TASK:
In the entries below, find the line with "(simp add: evl_def)" and print exactly every line from there up to and including the line with "exI[of _ x]) auto", with no other lines.

Saved data entries:
* * * * * * *

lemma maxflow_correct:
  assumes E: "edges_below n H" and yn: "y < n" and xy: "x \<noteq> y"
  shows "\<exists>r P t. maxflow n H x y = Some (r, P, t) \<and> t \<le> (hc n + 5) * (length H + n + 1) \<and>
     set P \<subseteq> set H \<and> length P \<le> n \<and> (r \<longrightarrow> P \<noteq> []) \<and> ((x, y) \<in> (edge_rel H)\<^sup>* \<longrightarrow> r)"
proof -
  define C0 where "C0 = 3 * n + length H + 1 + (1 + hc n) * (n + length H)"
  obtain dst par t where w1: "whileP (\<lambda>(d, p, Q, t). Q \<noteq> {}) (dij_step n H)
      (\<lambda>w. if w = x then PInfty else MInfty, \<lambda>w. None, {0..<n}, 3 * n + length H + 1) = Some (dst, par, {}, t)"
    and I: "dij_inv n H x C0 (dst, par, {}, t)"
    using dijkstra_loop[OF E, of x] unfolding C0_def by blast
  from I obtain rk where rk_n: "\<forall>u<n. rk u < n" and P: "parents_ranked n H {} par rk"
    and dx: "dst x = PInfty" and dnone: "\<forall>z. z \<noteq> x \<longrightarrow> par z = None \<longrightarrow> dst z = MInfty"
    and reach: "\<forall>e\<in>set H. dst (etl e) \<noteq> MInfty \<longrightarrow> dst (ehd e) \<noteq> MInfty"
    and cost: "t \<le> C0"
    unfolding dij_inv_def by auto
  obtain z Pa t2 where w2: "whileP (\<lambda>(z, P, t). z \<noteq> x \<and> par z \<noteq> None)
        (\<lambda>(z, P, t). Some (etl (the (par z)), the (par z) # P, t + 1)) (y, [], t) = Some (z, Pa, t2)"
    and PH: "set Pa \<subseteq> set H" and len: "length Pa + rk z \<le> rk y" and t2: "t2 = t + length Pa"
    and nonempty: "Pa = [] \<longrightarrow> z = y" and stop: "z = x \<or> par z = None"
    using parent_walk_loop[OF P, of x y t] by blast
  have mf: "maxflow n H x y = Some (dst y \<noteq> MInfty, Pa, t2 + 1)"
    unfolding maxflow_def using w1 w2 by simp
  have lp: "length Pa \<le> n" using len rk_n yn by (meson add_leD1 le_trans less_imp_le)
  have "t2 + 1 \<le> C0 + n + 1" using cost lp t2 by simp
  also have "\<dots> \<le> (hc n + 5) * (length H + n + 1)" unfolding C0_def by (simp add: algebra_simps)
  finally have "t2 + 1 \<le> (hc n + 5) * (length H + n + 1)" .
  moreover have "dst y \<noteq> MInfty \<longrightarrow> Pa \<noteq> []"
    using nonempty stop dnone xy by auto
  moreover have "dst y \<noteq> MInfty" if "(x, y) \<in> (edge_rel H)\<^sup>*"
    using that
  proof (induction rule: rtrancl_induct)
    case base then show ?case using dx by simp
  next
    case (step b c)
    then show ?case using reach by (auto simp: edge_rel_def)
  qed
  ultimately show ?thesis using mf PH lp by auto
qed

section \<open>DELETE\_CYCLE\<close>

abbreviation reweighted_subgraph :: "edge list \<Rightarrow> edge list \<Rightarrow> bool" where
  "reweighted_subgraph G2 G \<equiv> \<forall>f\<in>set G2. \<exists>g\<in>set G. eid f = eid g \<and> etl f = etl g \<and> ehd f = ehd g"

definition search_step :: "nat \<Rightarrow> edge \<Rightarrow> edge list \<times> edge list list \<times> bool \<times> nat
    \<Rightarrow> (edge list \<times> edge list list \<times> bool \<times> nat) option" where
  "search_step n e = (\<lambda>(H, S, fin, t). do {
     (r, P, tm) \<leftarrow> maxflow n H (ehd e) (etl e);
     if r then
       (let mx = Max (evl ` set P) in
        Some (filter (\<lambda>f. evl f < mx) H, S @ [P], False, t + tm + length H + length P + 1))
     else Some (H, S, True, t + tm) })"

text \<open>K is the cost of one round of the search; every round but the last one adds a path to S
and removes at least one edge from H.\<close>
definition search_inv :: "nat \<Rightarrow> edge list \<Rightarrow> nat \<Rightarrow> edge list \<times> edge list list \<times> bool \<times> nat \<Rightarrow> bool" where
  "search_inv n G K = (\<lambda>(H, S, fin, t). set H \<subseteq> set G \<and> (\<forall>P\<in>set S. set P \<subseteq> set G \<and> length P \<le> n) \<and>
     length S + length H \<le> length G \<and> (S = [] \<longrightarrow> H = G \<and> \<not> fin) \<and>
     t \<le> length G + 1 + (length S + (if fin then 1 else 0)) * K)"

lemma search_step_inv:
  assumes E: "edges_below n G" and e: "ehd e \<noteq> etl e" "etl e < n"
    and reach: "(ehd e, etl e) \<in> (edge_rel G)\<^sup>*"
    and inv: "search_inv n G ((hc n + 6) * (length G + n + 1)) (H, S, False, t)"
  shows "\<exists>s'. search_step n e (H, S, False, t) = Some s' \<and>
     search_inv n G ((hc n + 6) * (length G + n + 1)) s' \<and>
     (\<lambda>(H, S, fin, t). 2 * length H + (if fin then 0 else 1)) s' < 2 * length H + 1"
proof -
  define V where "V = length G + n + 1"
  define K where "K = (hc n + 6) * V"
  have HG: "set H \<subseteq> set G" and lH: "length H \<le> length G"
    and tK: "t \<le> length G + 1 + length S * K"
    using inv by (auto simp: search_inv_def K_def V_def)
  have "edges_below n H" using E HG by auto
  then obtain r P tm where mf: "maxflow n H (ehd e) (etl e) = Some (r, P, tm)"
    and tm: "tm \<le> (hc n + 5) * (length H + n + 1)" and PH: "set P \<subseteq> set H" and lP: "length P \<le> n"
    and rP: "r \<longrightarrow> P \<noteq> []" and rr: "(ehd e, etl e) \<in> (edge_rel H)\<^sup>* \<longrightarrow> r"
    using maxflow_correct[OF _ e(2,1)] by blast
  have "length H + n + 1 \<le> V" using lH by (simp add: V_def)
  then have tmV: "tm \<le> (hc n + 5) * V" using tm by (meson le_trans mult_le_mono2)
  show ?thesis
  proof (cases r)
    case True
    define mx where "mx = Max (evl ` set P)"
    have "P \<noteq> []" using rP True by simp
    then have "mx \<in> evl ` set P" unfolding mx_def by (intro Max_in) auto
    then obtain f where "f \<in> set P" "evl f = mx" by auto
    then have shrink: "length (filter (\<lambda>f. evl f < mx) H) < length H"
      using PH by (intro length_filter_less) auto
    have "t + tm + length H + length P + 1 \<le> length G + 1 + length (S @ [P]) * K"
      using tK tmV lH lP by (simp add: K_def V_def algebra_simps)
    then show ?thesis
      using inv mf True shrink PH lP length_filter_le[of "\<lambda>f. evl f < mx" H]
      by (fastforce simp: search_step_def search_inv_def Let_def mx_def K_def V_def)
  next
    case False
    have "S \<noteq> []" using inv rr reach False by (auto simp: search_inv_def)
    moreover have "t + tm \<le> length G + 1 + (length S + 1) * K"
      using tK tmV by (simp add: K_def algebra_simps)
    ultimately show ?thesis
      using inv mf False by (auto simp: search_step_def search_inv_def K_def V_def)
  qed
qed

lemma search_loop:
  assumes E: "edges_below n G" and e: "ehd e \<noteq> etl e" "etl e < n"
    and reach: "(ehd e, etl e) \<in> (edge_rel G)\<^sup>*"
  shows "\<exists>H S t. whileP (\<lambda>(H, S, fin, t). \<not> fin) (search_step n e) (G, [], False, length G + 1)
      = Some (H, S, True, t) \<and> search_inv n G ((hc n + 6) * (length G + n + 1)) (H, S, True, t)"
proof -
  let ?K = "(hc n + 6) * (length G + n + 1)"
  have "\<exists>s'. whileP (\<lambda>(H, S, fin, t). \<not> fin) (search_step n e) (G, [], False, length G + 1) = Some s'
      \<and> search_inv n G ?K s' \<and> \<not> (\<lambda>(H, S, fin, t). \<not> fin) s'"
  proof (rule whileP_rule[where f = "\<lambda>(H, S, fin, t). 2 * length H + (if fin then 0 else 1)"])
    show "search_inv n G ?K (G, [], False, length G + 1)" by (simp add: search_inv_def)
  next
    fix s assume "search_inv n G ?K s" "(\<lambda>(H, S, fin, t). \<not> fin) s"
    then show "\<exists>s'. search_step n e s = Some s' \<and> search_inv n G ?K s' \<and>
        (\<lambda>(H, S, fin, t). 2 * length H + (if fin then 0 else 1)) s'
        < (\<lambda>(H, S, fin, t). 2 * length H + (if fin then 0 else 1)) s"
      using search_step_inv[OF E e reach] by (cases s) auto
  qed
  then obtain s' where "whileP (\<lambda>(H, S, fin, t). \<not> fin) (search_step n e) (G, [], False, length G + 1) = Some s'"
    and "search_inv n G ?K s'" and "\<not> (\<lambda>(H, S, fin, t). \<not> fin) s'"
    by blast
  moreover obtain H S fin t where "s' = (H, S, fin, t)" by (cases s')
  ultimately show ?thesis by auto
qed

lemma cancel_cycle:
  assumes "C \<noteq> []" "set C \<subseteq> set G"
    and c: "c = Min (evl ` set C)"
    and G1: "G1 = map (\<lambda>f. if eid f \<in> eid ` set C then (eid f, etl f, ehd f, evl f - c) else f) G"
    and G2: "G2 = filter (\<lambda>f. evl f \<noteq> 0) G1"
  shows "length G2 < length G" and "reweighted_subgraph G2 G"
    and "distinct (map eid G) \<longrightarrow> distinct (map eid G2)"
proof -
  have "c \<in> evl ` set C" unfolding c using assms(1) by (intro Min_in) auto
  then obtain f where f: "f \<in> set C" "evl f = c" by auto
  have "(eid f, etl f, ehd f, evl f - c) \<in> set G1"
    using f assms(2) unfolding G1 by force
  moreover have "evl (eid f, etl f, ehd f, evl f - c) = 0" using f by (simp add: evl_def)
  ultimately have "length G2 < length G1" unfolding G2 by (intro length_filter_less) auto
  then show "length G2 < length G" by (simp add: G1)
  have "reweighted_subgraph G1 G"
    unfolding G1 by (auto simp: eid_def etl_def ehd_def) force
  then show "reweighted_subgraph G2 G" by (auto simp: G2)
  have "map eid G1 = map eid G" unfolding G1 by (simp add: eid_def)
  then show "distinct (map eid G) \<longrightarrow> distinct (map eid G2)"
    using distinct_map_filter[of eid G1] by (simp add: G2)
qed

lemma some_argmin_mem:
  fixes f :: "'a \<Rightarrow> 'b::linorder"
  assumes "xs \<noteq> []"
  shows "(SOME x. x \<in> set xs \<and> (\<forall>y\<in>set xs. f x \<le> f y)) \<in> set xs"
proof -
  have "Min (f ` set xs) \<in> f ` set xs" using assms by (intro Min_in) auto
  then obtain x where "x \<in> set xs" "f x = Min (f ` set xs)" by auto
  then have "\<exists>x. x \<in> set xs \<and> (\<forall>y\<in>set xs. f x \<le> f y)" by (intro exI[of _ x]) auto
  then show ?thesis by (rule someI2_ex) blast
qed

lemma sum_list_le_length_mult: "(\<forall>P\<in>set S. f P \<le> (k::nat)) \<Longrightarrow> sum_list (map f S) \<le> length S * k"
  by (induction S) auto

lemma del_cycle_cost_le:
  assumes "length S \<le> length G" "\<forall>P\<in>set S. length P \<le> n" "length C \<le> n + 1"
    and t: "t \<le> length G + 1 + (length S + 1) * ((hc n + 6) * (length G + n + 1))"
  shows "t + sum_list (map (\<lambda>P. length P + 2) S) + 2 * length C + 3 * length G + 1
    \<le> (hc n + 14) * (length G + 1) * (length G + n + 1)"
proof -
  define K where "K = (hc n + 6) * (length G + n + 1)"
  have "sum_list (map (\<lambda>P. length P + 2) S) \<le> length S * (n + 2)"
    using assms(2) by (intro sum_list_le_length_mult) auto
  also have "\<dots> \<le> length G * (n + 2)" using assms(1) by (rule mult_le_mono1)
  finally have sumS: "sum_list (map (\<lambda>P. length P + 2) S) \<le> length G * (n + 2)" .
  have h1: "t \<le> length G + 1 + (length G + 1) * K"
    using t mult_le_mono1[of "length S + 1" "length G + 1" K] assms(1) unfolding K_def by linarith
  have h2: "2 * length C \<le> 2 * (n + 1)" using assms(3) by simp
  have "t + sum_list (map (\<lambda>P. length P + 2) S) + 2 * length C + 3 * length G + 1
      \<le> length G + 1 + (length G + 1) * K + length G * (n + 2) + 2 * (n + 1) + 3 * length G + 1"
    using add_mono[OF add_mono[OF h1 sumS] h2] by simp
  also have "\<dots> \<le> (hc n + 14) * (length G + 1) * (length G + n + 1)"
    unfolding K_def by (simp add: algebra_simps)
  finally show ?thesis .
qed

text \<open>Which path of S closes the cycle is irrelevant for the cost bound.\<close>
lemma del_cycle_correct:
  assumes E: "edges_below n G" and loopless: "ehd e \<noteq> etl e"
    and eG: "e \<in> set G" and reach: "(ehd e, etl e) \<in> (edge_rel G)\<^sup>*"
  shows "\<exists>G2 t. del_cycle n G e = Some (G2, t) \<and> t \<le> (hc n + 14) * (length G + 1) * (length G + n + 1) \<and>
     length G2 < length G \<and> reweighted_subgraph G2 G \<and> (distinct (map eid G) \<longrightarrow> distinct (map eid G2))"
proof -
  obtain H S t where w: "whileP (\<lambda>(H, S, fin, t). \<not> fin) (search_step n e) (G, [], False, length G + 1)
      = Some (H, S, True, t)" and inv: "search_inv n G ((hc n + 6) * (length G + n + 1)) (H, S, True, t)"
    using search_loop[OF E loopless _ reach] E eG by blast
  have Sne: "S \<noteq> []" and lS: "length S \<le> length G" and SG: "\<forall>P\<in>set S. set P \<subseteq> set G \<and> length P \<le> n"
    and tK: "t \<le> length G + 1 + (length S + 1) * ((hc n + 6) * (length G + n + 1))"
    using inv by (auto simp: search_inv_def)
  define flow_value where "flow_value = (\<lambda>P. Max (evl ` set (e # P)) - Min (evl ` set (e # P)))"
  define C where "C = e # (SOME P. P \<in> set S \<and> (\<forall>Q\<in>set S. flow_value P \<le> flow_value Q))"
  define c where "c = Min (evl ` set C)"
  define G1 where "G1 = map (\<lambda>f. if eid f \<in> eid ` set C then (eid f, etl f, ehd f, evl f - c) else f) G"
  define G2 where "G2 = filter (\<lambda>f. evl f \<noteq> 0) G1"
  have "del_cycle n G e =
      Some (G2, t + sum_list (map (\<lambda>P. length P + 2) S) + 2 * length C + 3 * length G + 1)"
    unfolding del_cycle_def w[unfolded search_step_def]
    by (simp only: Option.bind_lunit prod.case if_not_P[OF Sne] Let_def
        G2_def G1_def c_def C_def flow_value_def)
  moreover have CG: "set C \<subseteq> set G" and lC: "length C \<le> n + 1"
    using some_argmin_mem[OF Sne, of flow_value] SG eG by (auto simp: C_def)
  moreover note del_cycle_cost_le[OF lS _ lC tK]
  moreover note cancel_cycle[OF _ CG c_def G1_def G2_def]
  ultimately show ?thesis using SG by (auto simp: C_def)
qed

* * * * * * *

WRITTEN SOLUTION:
  moreover have "evl (eid f, etl f, ehd f, evl f - c) = 0" using f by (simp add: evl_def)
  ultimately have "length G2 < length G1" unfolding G2 by (intro length_filter_less) auto
  then show "length G2 < length G" by (simp add: G1)
  have "reweighted_subgraph G1 G"
    unfolding G1 by (auto simp: eid_def etl_def ehd_def) force
  then show "reweighted_subgraph G2 G" by (auto simp: G2)
  have "map eid G1 = map eid G" unfolding G1 by (simp add: eid_def)
  then show "distinct (map eid G) \<longrightarrow> distinct (map eid G2)"
    using distinct_map_filter[of eid G1] by (simp add: G2)
qed

lemma some_argmin_mem:
  fixes f :: "'a \<Rightarrow> 'b::linorder"
  assumes "xs \<noteq> []"
  shows "(SOME x. x \<in> set xs \<and> (\<forall>y\<in>set xs. f x \<le> f y)) \<in> set xs"
proof -
  have "Min (f ` set xs) \<in> f ` set xs" using assms by (intro Min_in) auto
  then obtain x where "x \<in> set xs" "f x = Min (f ` set xs)" by auto
  then have "\<exists>x. x \<in> set xs \<and> (\<forall>y\<in>set xs. f x \<le> f y)" by (intro exI[of _ x]) auto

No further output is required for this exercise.